- Location: Haliburton County, Ontario
- Coordinates: 45°02′28″N 78°32′10″W﻿ / ﻿45.041°N 78.536°W
- Type: Glacial lake
- Primary inflows: Drag River
- Primary outflows: Burnt River
- Basin countries: Canada
- Frozen: Mid-December to Late April

= Grass Lake (Haliburton County) =

Grass Lake is a lake in Haliburton County, Ontario, Canada. It is in the "cottage country" area of central Ontario and has many cottages along its shores. It is connected to Head Lake in the east and Kashagawigamog Lake to the west. Like other lakes in the five lake chain, Grass Lake is essentially a widening of the Drag River, which flows from Drag Lake into the chain of lakes at Head Lake and out again at Canning Lake where a dam is controlled by the Trent–Severn Waterway.

Residents of Grass Lake are represented by the Grass Lake Association.

==Ecology==
Watersheds Canada found in a 2015 survey, "93% of properties on Grass Lake had submergent plants while 58% of properties had emergent vegetation which is an important source of habitat for fish, and other aquatic organisms.
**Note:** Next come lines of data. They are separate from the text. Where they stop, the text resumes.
(* Consider the modification of MultiQT in which the forecast is $q_t=\textsc{Sort}(b_t+\tilde\theta_t)$ and the hidden offsets are updated by $\tilde\theta_{t+1}^{\alpha}=\tilde\theta_t^{\alpha}-\eta(\mathbb{1}\{y_t\le q_t^{\alpha}\}-\alpha)$ for each $\alpha\in\mathcal{A}$. There exist a set of levels $\mathcal{A}$ and a sequence $(y_t,b_t)$ with $|y_t-b_t^{\alpha}|<R$ for all $\alpha,t$ (for some $R>0$) such that for some $\alpha\in\mathcal{A}$, $\lim_{T\to\infty}\frac1T\sum_{t=1}^T\mathbb{1}\{y_t\le q_t^{\alpha}\}\ne\alpha$.
   Context: $\mathcal{A}=\{\alpha_1<\dots<\alpha_m\}\subset(0,1)$ is a set of quantile levels, $\eta>0$ a learning rate, base forecasts $b_t$ have nondecreasing entries, and $\textsc{Sort}(v)$ is the vector whose $i$-th entry is the $i$-th smallest entry of $v$. *)

theory Defs
  imports Complex_Main
begin

text \<open>Levels A = [alpha_1 < ... < alpha_m] as a list; vectors indexed by positions 0..m-1.
  Time is indexed from 0 (t = 0 corresponds to the paper's t = 1).\<close>

fun mqt_theta :: "real \<Rightarrow> real list \<Rightarrow> (nat \<Rightarrow> real) \<Rightarrow> (nat \<Rightarrow> real list) \<Rightarrow> nat \<Rightarrow> real list" where
  "mqt_theta eta A y b 0 = replicate (length A) 0"
| "mqt_theta eta A y b (Suc t) =
     (let th = mqt_theta eta A y b t;
          q = sort (map2 (+) (b t) th)
      in map (\<lambda>i. th ! i - eta * (of_bool (y t \<le> q ! i) - A ! i)) [0..<length A])"

definition mqt_forecast :: "real \<Rightarrow> real list \<Rightarrow> (nat \<Rightarrow> real) \<Rightarrow> (nat \<Rightarrow> real list) \<Rightarrow> nat \<Rightarrow> real list" where
  "mqt_forecast eta A y b t = sort (map2 (+) (b t) (mqt_theta eta A y b t))"

end

theory Submission
  imports Defs
begin

text \<open>Take levels 1/4 < 3/4. At time 0 the observation 1 lies strictly between the base
  forecasts 0 and 2, so the offset of level 1/4 moves up and that of level 3/4 moves down.
  From then on the base forecast is flat at the observation 0, so sorting hands the negative
  offset of level 3/4 to the lower quantile: level 1/4 is never covered, level 3/4 always is,
  and the offsets keep drifting apart as \<plusminus>\<eta>t/4. The empirical coverage of
  level 1/4 is therefore 0.\<close>

definition crossing_levels :: "real list" where
  "crossing_levels = [1/4, 3/4]"

definition crossing_obs :: "nat \<Rightarrow> real" where
  "crossing_obs t = (if t = 0 then 1 else 0)"

definition crossing_base :: "nat \<Rightarrow> real list" where
  "crossing_base t = (if t = 0 then [0, 2] else [0, 0])"

abbreviation crossing_theta :: "real \<Rightarrow> nat \<Rightarrow> real list" where
  "crossing_theta eta \<equiv> mqt_theta eta crossing_levels crossing_obs crossing_base"

abbreviation crossing_forecast :: "real \<Rightarrow> nat \<Rightarrow> real list" where
  "crossing_forecast eta \<equiv> mqt_forecast eta crossing_levels crossing_obs crossing_base"

lemma crossing_theta_eq:
  assumes "eta > 0"
  shows "crossing_theta eta t = [eta * t / 4, - (eta * t / 4)]"
proof (induction t)
  case 0
  show ?case
    by (simp add: crossing_levels_def)
next
  case (Suc t)
  let ?q = "sort (map2 (+) (crossing_base t) [eta * t / 4, - (eta * t / 4)])"
  have "\<not> crossing_obs t \<le> ?q ! 0" and "crossing_obs t \<le> ?q ! 1"
    using assms by (cases t; simp add: crossing_base_def crossing_obs_def mult_le_0_iff)+
  then show ?case
    unfolding mqt_theta.simps(2) Let_def Suc.IH
    by (simp add: crossing_levels_def upt_rec field_simps)
qed

lemma crossing_lowest_level_never_covered:
  assumes "eta > 0"
  shows "\<not> crossing_obs t \<le> crossing_forecast eta t ! 0"
  using assms
  by (cases t) (simp_all add: mqt_forecast_def crossing_theta_eq crossing_base_def crossing_obs_def
      mult_le_0_iff del: mqt_theta.simps)

lemma crossing_obs_near_base:
  assumes "i < length crossing_levels"
  shows "\<bar>crossing_obs t - crossing_base t ! i\<bar> < 2"
proof -
  have "i = 0 \<or> i = 1"
    using assms by (auto simp: crossing_levels_def)
  then show ?thesis
    by (auto simp: crossing_obs_def crossing_base_def)
qed

theorem proposition13:
  fixes eta :: real
  assumes "eta > 0"
  shows "\<exists>(A :: real list) (y :: nat \<Rightarrow> real) (b :: nat \<Rightarrow> real list) (R :: real).
           A \<noteq> [] \<and> sorted_wrt (<) A \<and> (\<forall>a\<in>set A. 0 < a \<and> a < 1) \<and>
           (\<forall>t. length (b t) = length A \<and> sorted (b t)) \<and>
           R > 0 \<and> (\<forall>t i. i < length A \<longrightarrow> \<bar>y t - b t ! i\<bar> < R) \<and>
           (\<exists>i < length A. \<exists>L.
              ((\<lambda>T. (\<Sum>t<T. of_bool (y t \<le> mqt_forecast eta A y b t ! i)) / real T) \<longlonglongrightarrow> L)
              \<and> L \<noteq> A ! i)"
proof -
  have "(\<lambda>T. (\<Sum>t<T. of_bool (crossing_obs t \<le> crossing_forecast eta t ! 0)) / real T)
          \<longlonglongrightarrow> 0"
    using crossing_lowest_level_never_covered[OF assms] by simp
  then have "\<exists>i < length crossing_levels. \<exists>L.
      ((\<lambda>T. (\<Sum>t<T. of_bool (crossing_obs t \<le> crossing_forecast eta t ! i)) / real T)
         \<longlonglongrightarrow> L) \<and> L \<noteq> crossing_levels ! i"
    by (intro exI[of _ 0] conjI exI[of _ 0]) (simp_all add: crossing_levels_def)
  moreover have "crossing_levels \<noteq> [] \<and> sorted_wrt (<) crossing_levels \<and>
                   (\<forall>a\<in>set crossing_levels. 0 < a \<and> a < 1)"
    by (simp add: crossing_levels_def)
  moreover have "length (crossing_base t) = length crossing_levels \<and> sorted (crossing_base t)" for t
    by (simp add: crossing_levels_def crossing_base_def)
  ultimately show ?thesis
    using crossing_obs_near_base
    by (intro exI[of _ crossing_levels] exI[of _ crossing_obs] exI[of _ crossing_base] exI[of _ 2])
      (simp only: zero_less_numeral, blast)
qed

end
Floating vegetation was found less frequently on Grass Lake but is still an important part of the aquatic ecosystem, giving habitat to birds, frogs, dragonflies, and other wildlife." On the topic of wildlife habitats, the same survey found, "(The) most common types of nearshore habitat on Grass Lake were terrestrial logs (and) overhanging vegetation. Most properties on Grass Lake had some amount of habitat present."